Instructions for the task: Copying nothing before it, reproduce the line that holds "T LS \<longleftrightarrow>" and every line after it in the data, exactly.

---------- Given information ----------

lemma
  assumes "A \<in> subsets n m" "q \<in> orders m"
  shows distinct_arrange: "distinct (arrange A q)"
    and set_arrange: "set (arrange A q) = A"
    and length_arrange: "length (arrange A q) = m"
    and rel_pattern_arrange: "rel_pattern (arrange A q) = q"
proof -
  have fin: "finite A" using subsets_imp_finite[OF assms(1)] .
  have cA: "card A = m" using assms(1) unfolding subsets_def by simp
  have "bij_betw (the_inv_into A (rank_in A)) {0..<card A} A"
    by (rule bij_betw_the_inv_into[OF bij_betw_rank_in[OF fin]])
  then have bi: "bij_betw (element_of_rank A) {0..<m} A"
    unfolding element_of_rank_def cA .
  have dq: "distinct q" and sq: "set q = {0..<m}" using assms(2) unfolding orders_def by auto
  show "distinct (arrange A q)" unfolding arrange_def using dq bi sq
    by (simp add: distinct_map bij_betw_imp_inj_on)
  show sa: "set (arrange A q) = A" unfolding arrange_def using bi sq
    by (simp add: bij_betw_imp_surj_on)
  show "length (arrange A q) = m" unfolding arrange_def using length_orders[OF assms(2)] by simp
  have "map (rank_in A) (arrange A q) = q"
    unfolding arrange_def map_map
  proof (rule map_idI)
    fix x assume "x \<in> set q"
    then have "x < card A" using sq cA by simp
    then show "(rank_in A \<circ> element_of_rank A) x = x" using rank_in_element_of_rank[OF fin] by simp
  qed
  then show "rel_pattern (arrange A q) = q"
    unfolding rel_pattern_eq_map_rank_in sa .
qed

lemma arrange_append_in_with_prefix:
  assumes A: "A \<in> subsets n m" and q: "q \<in> orders m"
    and ys: "ys \<in> permutations_of_set ({0..<n} - A)"
  shows "arrange A q @ ys \<in> with_prefix n q"
proof -
  have "distinct ys" and sys: "set ys = {0..<n} - A" using ys permutations_of_setD by auto
  then have "distinct (arrange A q @ ys)"
    using distinct_arrange[OF A q] set_arrange[OF A q] by simp
  moreover have "set (arrange A q @ ys) = {0..<n}"
    using set_arrange[OF A q] sys A unfolding subsets_def by auto
  moreover have "take (length q) (arrange A q @ ys) = arrange A q"
    using length_arrange[OF A q] length_orders[OF q] by simp
  ultimately show ?thesis
    unfolding with_prefix_def orders_def using rel_pattern_arrange[OF A q] by simp
qed
(* If two topological coarse spaces $X$ and $Y$ are coarsely equivalent, then $\mathrm{Ends}(X)$ is homeomorphic to $\mathrm{Ends}(Y)$.
   Context: For a family $\mathcal U$ of subsets of $X$ and $A\subset X$, $st(A,\mathcal U)$ is the union of all $U\in\mathcal U$ meeting $A$; $st(\mathcal U,\mathcal V)=\{st(U,\mathcal V):U\in\mathcal U\}$. A large scale space is a set with a family of covers (uniformly bounded covers) closed under $st(\cdot,\cdot)$ and under passing to refinements; bounded sets are subsets of elements of uniformly bounded covers. A topological coarse space is a large scale space with a topology such that some uniformly bounded cover consists of open sets, and the union of two bounded sets is bounded. $A\subset X$ is coarsely clopen if $st(A,\mathcal U)\cap st(X\setminus A,\mathcal U)$ is bounded for every uniformly bounded $\mathcal U$. An end is a family of unbounded open coarsely clopen subsets of $X$, maximal among such families closed under finite intersections; $\mathrm{Ends}(X)$ carries the topology in which, for open coarsely clopen $U$, the sets $\{E: U\in E\}$ form a basis (the subspace topology from $X\cup\mathrm{Ends}(X)$, where $Y$ is open iff $Y\cap X$ is open and each end $E\in Y$ has an open coarsely clopen $U\in E$ with $U\cup\{E':U\in E'\}\subset Y$). A map $f:X\to Y$ is coarse if preimages of bounded sets are bounded and large scale continuous if images of uniformly bounded covers are uniformly bounded; $f,g:X\to Y$ are close if there is a uniformly bounded cover $\mathcal U$ of $Y$ with $f(x)\in st(g(x),\mathcal U)$ for all $x$. $X,Y$ are coarsely equivalent if there are coarse large scale continuous $f:X\to Y$, $g:Y\to X$ with $g\circ f$ close to $\mathrm{id}_X$ and $f\circ g$ close to $\mathrm{id}_Y$. *)

theory Defs
  imports "HOL-Analysis.Analysis"
begin

definition st :: "'a set \<Rightarrow> 'a set set \<Rightarrow> 'a set" where
  "st A \<U> = \<Union>{U \<in> \<U>. U \<inter> A \<noteq> {}}"

definition st_fam :: "'a set set \<Rightarrow> 'a set set \<Rightarrow> 'a set set" where
  "st_fam \<U> \<V> = (\<lambda>U. st U \<V>) ` \<U>"

definition is_cover :: "'a set \<Rightarrow> 'a set set \<Rightarrow> bool" where
  "is_cover X \<U> \<longleftrightarrow> \<U> \<subseteq> Pow X \<and> \<Union>\<U> = X"

definition refines :: "'a set set \<Rightarrow> 'a set set \<Rightarrow> bool" where
  "refines \<V> \<U> \<longleftrightarrow> (\<forall>V\<in>\<V>. \<exists>U\<in>\<U>. V \<subseteq> U)"

text \<open>A large scale structure on X: a set LS of covers of X (the uniformly bounded covers),
  closed under stars and under passing to refining covers.\<close>
definition large_scale :: "'a set \<Rightarrow> 'a set set set \<Rightarrow> bool" where
  "large_scale X LS \<longleftrightarrow>
     (\<forall>\<U>\<in>LS. is_cover X \<U>) \<and>
     (\<forall>\<U>\<in>LS. \<forall>\<V>\<in>LS. st_fam \<U> \<V> \<in> LS) \<and>
     (\<forall>\<U>\<in>LS. \<forall>\<V>. is_cover X \<V> \<and> refines \<V> \<U> \<longrightarrow> \<V> \<in> LS)"

definition ls_bounded :: "'a set set set \<Rightarrow> 'a set \<Rightarrow> bool" where
  "ls_bounded LS B \<longleftrightarrow> (\<exists>\<U>\<in>LS. \<exists>U\<in>\<U>. B \<subseteq> U)"

definition ub_family :: "'a set set set \<Rightarrow> 'a set set \<Rightarrow> bool" where
  "ub_family LS \<V> \<longleftrightarrow> (\<exists>\<U>\<in>LS. refines \<V> \<U>)"

definition top_coarse_space :: "'a topology \<Rightarrow> 'a set set set \<Rightarrow> bool" where
  "top_coarse_space T LS \<longleftrightarrow>
     large_scale (topspace T) LS \<and>
     (\<exists>\<U>\<in>LS. \<forall>U\<in>\<U>. openin T U) \<and>
     (\<forall>A B. A \<subseteq> topspace T \<and> B \<subseteq> topspace T \<and> ls_bounded LS A \<and> ls_bounded LS B
            \<longrightarrow> ls_bounded LS (A \<union> B))"

definition coarsely_clopen :: "'a set \<Rightarrow> 'a set set set \<Rightarrow> 'a set \<Rightarrow> bool" where
  "coarsely_clopen X LS A \<longleftrightarrow> A \<subseteq> X \<and>
     (\<forall>\<U>\<in>LS. ls_bounded LS (st A \<U> \<inter> st (X - A) \<U>))"

definition end_set :: "'a topology \<Rightarrow> 'a set set set \<Rightarrow> 'a set \<Rightarrow> bool" where
  "end_set T LS U \<longleftrightarrow> openin T U \<and> coarsely_clopen (topspace T) LS U \<and> \<not> ls_bounded LS U"

definition end_candidate :: "'a topology \<Rightarrow> 'a set set set \<Rightarrow> 'a set set \<Rightarrow> bool" where
  "end_candidate T LS E \<longleftrightarrow> E \<noteq> {} \<and> (\<forall>U\<in>E. end_set T LS U) \<and>
     (\<forall>U\<in>E. \<forall>V\<in>E. U \<inter> V \<in> E)"

definition is_end :: "'a topology \<Rightarrow> 'a set set set \<Rightarrow> 'a set set \<Rightarrow> bool" where
  "is_end T LS E \<longleftrightarrow> end_candidate T LS E \<and>
     (\<forall>E'. end_candidate T LS E' \<and> E \<subseteq> E' \<longrightarrow> E' = E)"

definition Ends :: "'a topology \<Rightarrow> 'a set set set \<Rightarrow> 'a set set set" where
  "Ends T LS = {E. is_end T LS E}"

----------

Output below:
  "top_coarse_space T LS \<longleftrightarrow>
     large_scale (topspace T) LS \<and>
     (\<exists>\<U>\<in>LS. \<forall>U\<in>\<U>. openin T U) \<and>
     (\<forall>A B. A \<subseteq> topspace T \<and> B \<subseteq> topspace T \<and> ls_bounded LS A \<and> ls_bounded LS B
            \<longrightarrow> ls_bounded LS (A \<union> B))"

definition coarsely_clopen :: "'a set \<Rightarrow> 'a set set set \<Rightarrow> 'a set \<Rightarrow> bool" where
  "coarsely_clopen X LS A \<longleftrightarrow> A \<subseteq> X \<and>
     (\<forall>\<U>\<in>LS. ls_bounded LS (st A \<U> \<inter> st (X - A) \<U>))"

definition end_set :: "'a topology \<Rightarrow> 'a set set set \<Rightarrow> 'a set \<Rightarrow> bool" where
  "end_set T LS U \<longleftrightarrow> openin T U \<and> coarsely_clopen (topspace T) LS U \<and> \<not> ls_bounded LS U"

definition end_candidate :: "'a topology \<Rightarrow> 'a set set set \<Rightarrow> 'a set set \<Rightarrow> bool" where
  "end_candidate T LS E \<longleftrightarrow> E \<noteq> {} \<and> (\<forall>U\<in>E. end_set T LS U) \<and>
     (\<forall>U\<in>E. \<forall>V\<in>E. U \<inter> V \<in> E)"

definition is_end :: "'a topology \<Rightarrow> 'a set set set \<Rightarrow> 'a set set \<Rightarrow> bool" where
  "is_end T LS E \<longleftrightarrow> end_candidate T LS E \<and>
     (\<forall>E'. end_candidate T LS E' \<and> E \<subseteq> E' \<longrightarrow> E' = E)"

definition Ends :: "'a topology \<Rightarrow> 'a set set set \<Rightarrow> 'a set set set" where
  "Ends T LS = {E. is_end T LS E}"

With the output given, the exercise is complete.